▶ _Extracted records_
lemma mu_mult_deriv_trans_le:
  assumes R: "reg_fol_atlas A U \<phi>" and ab: "a \<in> A" "b \<in> A" and x: "x \<in> tdom U \<phi> b a"
  shows "mu A U \<phi> n b (trans U \<phi> b a x) * ereal (deriv (trans U \<phi> b a) x)
           \<le> mu A U \<phi> (Suc n) a x"
proof -
  define y where "y = trans U \<phi> b a x"
  define d where "d = deriv (trans U \<phi> b a) x"
  have y: "y \<in> tdom U \<phi> a b" using trans_in_tdom_inverse(1)[OF R ab x] by (simp add: y_def)
  have y_coord: "y \<in> {-1<..<1}" by (rule tdom_subset_coords[OF R ab(2) y])
  have "[b] \<in> chart_seqs A U \<phi> n b y" using ab y_coord by (simp add: chart_seqs_def)
  then have "mu A U \<phi> n b y * ereal d
               = (SUP l \<in> chart_seqs A U \<phi> n b y. ereal (deriv (hol_ch U \<phi> l) y) * ereal d)"
    unfolding mu_eq_SUP_chart_seqs[OF R ab(2) y_coord]
    using deriv_trans_pos[OF R ab x] by (intro Sup_ereal_mult_right') (auto simp: d_def)
  also have "\<dots> \<le> mu A U \<phi> (Suc n) a x"
    unfolding mu_eq_SUP_chart_seqs[OF R ab(1) tdom_subset_coords[OF R ab(1) x]]
  proof (rule SUP_least)
    fix l assume l: "l \<in> chart_seqs A U \<phi> n b y"
    then obtain r where lr: "l = b # r" by (cases l) (auto simp: chart_seqs_def)
    have al: "a # l \<in> chart_seqs A U \<phi> (Suc n) a x"
      using l x ab unfolding chart_seqs_def lr y_def by auto
    then have "ereal (deriv (hol_ch U \<phi> l) y) * ereal d = ereal (deriv (hol_ch U \<phi> (a # l)) x)"
      using deriv_hol_ch_Cons_Cons[OF R, of a b r x] unfolding chart_seqs_def lr y_def d_def
      by simp
    also have "\<dots> \<le> (SUP l \<in> chart_seqs A U \<phi> (Suc n) a x. ereal (deriv (hol_ch U \<phi> l) x))"
      by (rule SUP_upper[OF al])
    finally show "ereal (deriv (hol_ch U \<phi> l) y) * ereal d \<le> \<dots>" .
  qed
  finally show ?thesis by (simp add: y_def d_def)
qed

theorem lemma4p1:
  fixes A :: "'i set" and U :: "'i \<Rightarrow> 'm::topological_space set"
    and \<phi> :: "'i \<Rightarrow> 'm \<Rightarrow> (real^'n) \<times> real"
    and a b :: 'i and x y :: real and n :: nat
  assumes "reg_fol_atlas A U \<phi>"
    and "plaque_chain A U \<phi> [(a, x), (b, y)]"
    and "n > 0"
  shows "mu A U \<phi> (n - 1) a x
           \<le> mu A U \<phi> n b y * ereal (deriv (hol U \<phi> [(a, x), (b, y)]) x)
       \<and> mu A U \<phi> n b y * ereal (deriv (hol U \<phi> [(a, x), (b, y)]) x)
           \<le> mu A U \<phi> (n + 1) a x"
proof -
  note R = assms(1)
  have ab: "a \<in> A" "b \<in> A" and meet: "plaque U \<phi> a x \<inter> plaque U \<phi> b y \<noteq> {}"
    using assms(2) by (auto simp: plaque_chain_Cons_Cons plaque_chain_single)
  have x: "x \<in> tdom U \<phi> b a" using meet unfolding tdom_def by blast
  have hxy: "trans U \<phi> b a x = y" by (rule trans_eqI[OF R ab meet])
  have y: "y \<in> tdom U \<phi> a b" and hyx: "trans U \<phi> a b y = x"
    using trans_in_tdom_inverse[OF R ab x] hxy by auto
  define d where "d = deriv (trans U \<phi> b a) x"
  define e where "e = deriv (trans U \<phi> a b) y"
  have "e * d = 1" using deriv_trans_inverse[OF R ab x] by (simp add: hxy d_def e_def)
  have "mu A U \<phi> (n - 1) a x = mu A U \<phi> (n - 1) a x * ereal e * ereal d"
    using \<open>e * d = 1\<close> by (simp add: mult.assoc)
  also have "\<dots> \<le> mu A U \<phi> n b y * ereal d"
    using mu_mult_deriv_trans_le[OF R ab(2,1) y, of "n - 1"] deriv_trans_pos[OF R ab x] assms(3)
    by (intro ereal_mult_right_mono) (simp_all add: hyx e_def d_def)
  finally have lower: "mu A U \<phi> (n - 1) a x \<le> mu A U \<phi> n b y * ereal d" .
  have upper: "mu A U \<phi> n b y * ereal d \<le> mu A U \<phi> (n + 1) a x"
    using mu_mult_deriv_trans_le[OF R ab x, of n] by (simp add: hxy d_def)
  have "hol U \<phi> [(a, x), (b, y)] = trans U \<phi> b a" by (simp add: hol_def)
  then show ?thesis using lower upper by (simp add: d_def)
qed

▶ _Your objective_
Please reply with an exact copy of the lines above, starting at the first and ending at the line that holds "(simp add: chart_seqs_def)".

▶ _Problem solution_
lemma mu_mult_deriv_trans_le:
  assumes R: "reg_fol_atlas A U \<phi>" and ab: "a \<in> A" "b \<in> A" and x: "x \<in> tdom U \<phi> b a"
  shows "mu A U \<phi> n b (trans U \<phi> b a x) * ereal (deriv (trans U \<phi> b a) x)
           \<le> mu A U \<phi> (Suc n) a x"
proof -
  define y where "y = trans U \<phi> b a x"
  define d where "d = deriv (trans U \<phi> b a) x"
  have y: "y \<in> tdom U \<phi> a b" using trans_in_tdom_inverse(1)[OF R ab x] by (simp add: y_def)
  have y_coord: "y \<in> {-1<..<1}" by (rule tdom_subset_coords[OF R ab(2) y])
  have "[b] \<in> chart_seqs A U \<phi> n b y" using ab y_coord by (simp add: chart_seqs_def)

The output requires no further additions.